As a pedometer, the other great part is that it's small and I rarely have issue carrying it on my underwear ban.  It "fits" nice and easy.

Putting on the Five-Finger Vibrams

The other major purchase that I integrated into my life has been the Vibram 5 Finger shoes.  These have definitely been a game changer in several ways.  The Vibram shoes are ultra-slim and provide toe slots unlike the regular shoe.  They're used in what is regarded as barefoot or nearly barefoot running.
5 finger Vibram shoes
Lasted just under a year

After hearing a lot about these shoes and how they help your posture and movement all around from my chiropractor and seeing several people wearing them, I took the plunge and bought a pair.  When I first go them, they took me 5-6 minutes to get on (this is something that fades with time as your toes and you adjust to putting them on--it takes me less than 1 minute now).  I started to go for walks with them and I kept increasing the walks.  First, it was just trying them on and moving about, but soon I was doign 2-3 mile hikes 1-2 times a day.  I called them hikes because I was going walking from where I lived to coffee shops in Salem to do various work.  In self-transporting, I would also need to bring my laptop and several books--usually adding up to 20-30 points of additional weight (not an exageration either).  After doing this for about a month, I went on a lark and ran around Lake Quannapowit in Wakefield.  I ran most of the the first time and by the following week, I was running it entirely.  I was really impressed with how much I could slip into the running.
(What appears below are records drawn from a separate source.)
(* Let $\Gamma$ be a gain operator on $\ell^\infty_+(\mathcal I)$. Assume there is $\rho\in\mathcal K_\infty$ such that $\Gamma_\rho$ satisfies the $\oplus$-MBI property and, for each $r\ge0$, the point $\sigma_{*,\rho}(r):=\bigoplus_{n=0}^\infty\hat\Gamma_\rho^n(r\mathbf 1)$ is a globally attractive fixed point of the operator $s\mapsto r\mathbf 1\oplus\Gamma_\rho(s)$ (i.e. every trajectory of this operator converges in norm to $\sigma_{*,\rho}(r)$). Then there exists a path of strict decay for $\Gamma$.
   Context: Let $\mathcal I$ be a nonempty countable index set; $\ell^\infty_+(\mathcal I)$ is the cone of nonnegative real families $s=(s_i)_{i\in\mathcal I}$ with $\|s\|:=\sup_i|s_i|<\infty$, ordered componentwise; $\mathbf 1$ is the all-ones vector; $\oplus$ is the componentwise maximum, $\bigoplus$ the componentwise supremum. $\mathcal K_\infty$: continuous strictly increasing unbounded $\gamma:\mathbb R_+\to\mathbb R_+$ with $\gamma(0)=0$, acting on $\ell^\infty_+(\mathcal I)$ componentwise. For $\mathcal J\subset\mathcal I$, $s_{|\mathcal J}$ agrees with $s$ on $\mathcal J$ and is $0$ elsewhere. Gain operator: for each $i$ a finite (possibly empty) $\mathcal I_i\subset\mathcal I\setminus\{i\}$; directed graph $\mathcal G$ with vertices $\mathcal I$ and edges $ji$, $j\in\mathcal I_i$; a pointwise equicontinuous family $\gamma_{ij}\in\mathcal K_\infty$ ($ji\in E(\mathcal G)$); functions $\mu_i:\ell^\infty_+(\mathcal I)\to[0,\infty]$ with (M1) some $\xi\in\mathcal K_\infty$ has $\mu_i(0)=0$, $\mu_i(s)\ge\xi(\|s\|)$; (M2) $\mu_i$ monotone; (M3) for each finite $\mathcal J$, $\mu_i$ restricted to vectors vanishing off $\mathcal J$ is finite-valued and continuous; (M4) for each norm-bounded $A$ and $\varepsilon>0$ there is $\delta>0$ with $\sup_i|\mu_i(s_{|\mathcal I_i})-\mu_i(s^0_{|\mathcal I_i})|\le\varepsilon$ whenever $s^0\in A$, $\|s-s^0\|\le\delta$. $\Gamma_i(s):=\mu_i([\gamma_{ij}(s_j)]_{j\in\mathcal I_i})$ (argument zero outside $\mathcal I_i$). $\Gamma_\rho:=(\mathrm{id}+\rho)\circ\Gamma$, $\hat\Gamma_\rho(s):=s\oplus\Gamma_\rho(s)$. A monotone $T$ has the $\oplus$-MBI property if there is $\varphi\in\mathcal K_\infty$ such that for all $s,b$, $s\le b\oplus T(s)$ implies $\|s\|\le\varphi(\|b\|)$. A path of strict decay for $\Gamma$ is a map $\sigma:\mathbb R_+\to\ell^\infty_+(\mathcal I)$ such that: (i) for some $\rho\in\mathcal K_\infty$, $\Gamma_\rho(\sigma(r))\le\sigma(r)$ for all $r\ge0$; (ii) $\varphi_{\min}(r)\mathbf 1\le\sigma(r)\le\varphi_{\max}(r)\mathbf 1$ for some $\varphi_{\min},\varphi_{\max}\in\mathcal K_\infty$; (iii) each $\sigma_i\in\mathcal K_\infty$; (iv) for each compact $K\subset(0,\infty)$ there are $0<l\le L$ with $l|r_1-r_2|\le|\sigma_i^{-1}(r_1)-\sigma_i^{-1}(r_2)|\le L|r_1-r_2|$ for all $r_1,r_2\in K$, $i\in\mathcal I$. *)

theory Defs
  imports "HOL-Analysis.Analysis"
begin

definition linf_pos :: "('i \<Rightarrow> real) set" where
  "linf_pos = {s. (\<forall>i. 0 \<le> s i) \<and> bdd_above (range (\<lambda>i. \<bar>s i\<bar>))}"

definition supnorm :: "('i \<Rightarrow> real) \<Rightarrow> real" where
  "supnorm s = (SUP i. \<bar>s i\<bar>)"

definition oplus :: "('i \<Rightarrow> real) \<Rightarrow> ('i \<Rightarrow> real) \<Rightarrow> ('i \<Rightarrow> real)" where
  "oplus s t = (\<lambda>i. max (s i) (t i))"

definition restr :: "('i \<Rightarrow> real) \<Rightarrow> 'i set \<Rightarrow> ('i \<Rightarrow> real)" where
  "restr s J = (\<lambda>i. if i \<in> J then s i else 0)"

definition Kinf :: "(real \<Rightarrow> real) \<Rightarrow> bool" where
  "Kinf g \<longleftrightarrow> continuous_on {0..} g \<and> strict_mono_on {0..} g \<and> g 0 = 0
      \<and> (\<forall>M. \<exists>x\<ge>0. M < g x)"

text \<open>Gain operator data: neighbour sets Ii, gains gam i j (for edge ji), functions mu i.\<close>
definition gain_operator ::
  "('i \<Rightarrow> 'i set) \<Rightarrow> ('i \<Rightarrow> 'i \<Rightarrow> real \<Rightarrow> real) \<Rightarrow> ('i \<Rightarrow> ('i \<Rightarrow> real) \<Rightarrow> ereal) \<Rightarrow> bool" where
  "gain_operator Ii gam mu \<longleftrightarrow>
     (\<forall>i. finite (Ii i) \<and> i \<notin> Ii i)
   \<and> (\<forall>i. \<forall>j\<in>Ii i. Kinf (gam i j))
   \<and> (\<forall>r\<ge>0. \<forall>\<epsilon>>0. \<exists>\<delta>>0. \<forall>i. \<forall>j\<in>Ii i. \<forall>r'\<ge>0.
          \<bar>r' - r\<bar> < \<delta> \<longrightarrow> \<bar>gam i j r' - gam i j r\<bar> < \<epsilon>)
   \<and> (\<forall>i s. s \<in> linf_pos \<longrightarrow> 0 \<le> mu i s)
   \<comment> \<open>(M1)\<close>
   \<and> (\<exists>\<xi>. Kinf \<xi> \<and> (\<forall>i. mu i (\<lambda>_. 0) = 0 \<and>
          (\<forall>s\<in>linf_pos. ereal (\<xi> (supnorm s)) \<le> mu i s)))
   \<comment> \<open>(M2)\<close>
   \<and> (\<forall>i. \<forall>s\<in>linf_pos. \<forall>t\<in>linf_pos. (\<forall>k. s k \<le> t k) \<longrightarrow> mu i s \<le> mu i t)
   \<comment> \<open>(M3)\<close>
   \<and> (\<forall>i J. finite J \<longrightarrow>
        (\<forall>s\<in>linf_pos. (\<forall>k. k \<notin> J \<longrightarrow> s k = 0) \<longrightarrow>
           mu i s \<noteq> \<infinity> \<and>
           (\<forall>\<epsilon>>0. \<exists>\<delta>>0. \<forall>t\<in>linf_pos. (\<forall>k. k \<notin> J \<longrightarrow> t k = 0) \<longrightarrow>
               supnorm (\<lambda>k. t k - s k) < \<delta> \<longrightarrow>
               \<bar>real_of_ereal (mu i t) - real_of_ereal (mu i s)\<bar> < \<epsilon>)))
   \<comment> \<open>(M4)\<close>
   \<and> (\<forall>A \<subseteq> linf_pos. (\<exists>R. \<forall>s\<in>A. supnorm s \<le> R) \<longrightarrow>
        (\<forall>\<epsilon>>0. \<exists>\<delta>>0. \<forall>s0\<in>A. \<forall>s\<in>linf_pos. supnorm (\<lambda>k. s k - s0 k) \<le> \<delta> \<longrightarrow>
           (\<forall>i. \<bar>real_of_ereal (mu i (restr s (Ii i))) - real_of_ereal (mu i (restr s0 (Ii i)))\<bar> \<le> \<epsilon>)))"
By the end of summer and early fall, I was running 5-6 miles regularly.  With some urging from my brother and sister-in-law, I ran my first race.  By seasons' end, I had hit the high watermark of 7.2 miles.  All from having hated running my whole life and now, enjoying it enough to do this.
5 finger Vibram shoes and foot wear
Worn out, but awesome!

Gotta be the Shoes?  Yes.  Someone out there may try to argue differently for me, but the shoes made the difference.  I'm a large guy.  235 pounds, 5'11, and a wide frame.  Not a runner's frame by far.  Every time I've tried to run before, it wore and hurt on my body, and I was never really capable of keeping a solid rhythm of movement with my body that worked with my breathing.  None of it came together.  But when I run with the Vibrams, that disappears.  Because I cannot slap my feet away on the pavement, I have to regulate my pace and step to work with the impact, not against it.  While this means I certainly don't move fast (and I never will), I do feel the fluidity of movement with the Vibrams that I can never seem to have when I am running with normal shoes.

Merrell and Vibrams

I liked the thin-sole of the Vibrams enough that I also bought a pair of Merrell's that uses the Vibram soul, but makes a more-normal-looking shell.  These I wear almost every day to further enjoy the dynamics that the Vibrams provide.
Merrell shoes with a vibram sole.
Look normal, but still got

So with the increase of running has come a significant amount of health benefits and just overall feeling better about myself.  There are two major differences that I found most interesting.  The first is that the structure of my foot changed (for the better).  Besides becoming more muscular, they developed more of an arch and my toes have more movement (and a good grip).  The other effect is that overall, my feet feel more planted in the ground when I step and I have a much stronger sense of balance.  All of which makes sense given that my feet are being used more directly than being muted out by regular shoes.

1 year later and my choices seemed to have been solid ones indeed.  I'm 15 pounds lighter.  I'm running (and even training for a half marathon) and overall, I just feel good.  Last Wednesday (June 20), I had an amusing insight that I shared on Twitter: "last year around this time, I began walking to work...today, I ran...#awesome #running."  So if you're looking for a change of some sort, I would recommend either or both of these--though not without some consideration of if they would fit your current life/work/personal demands.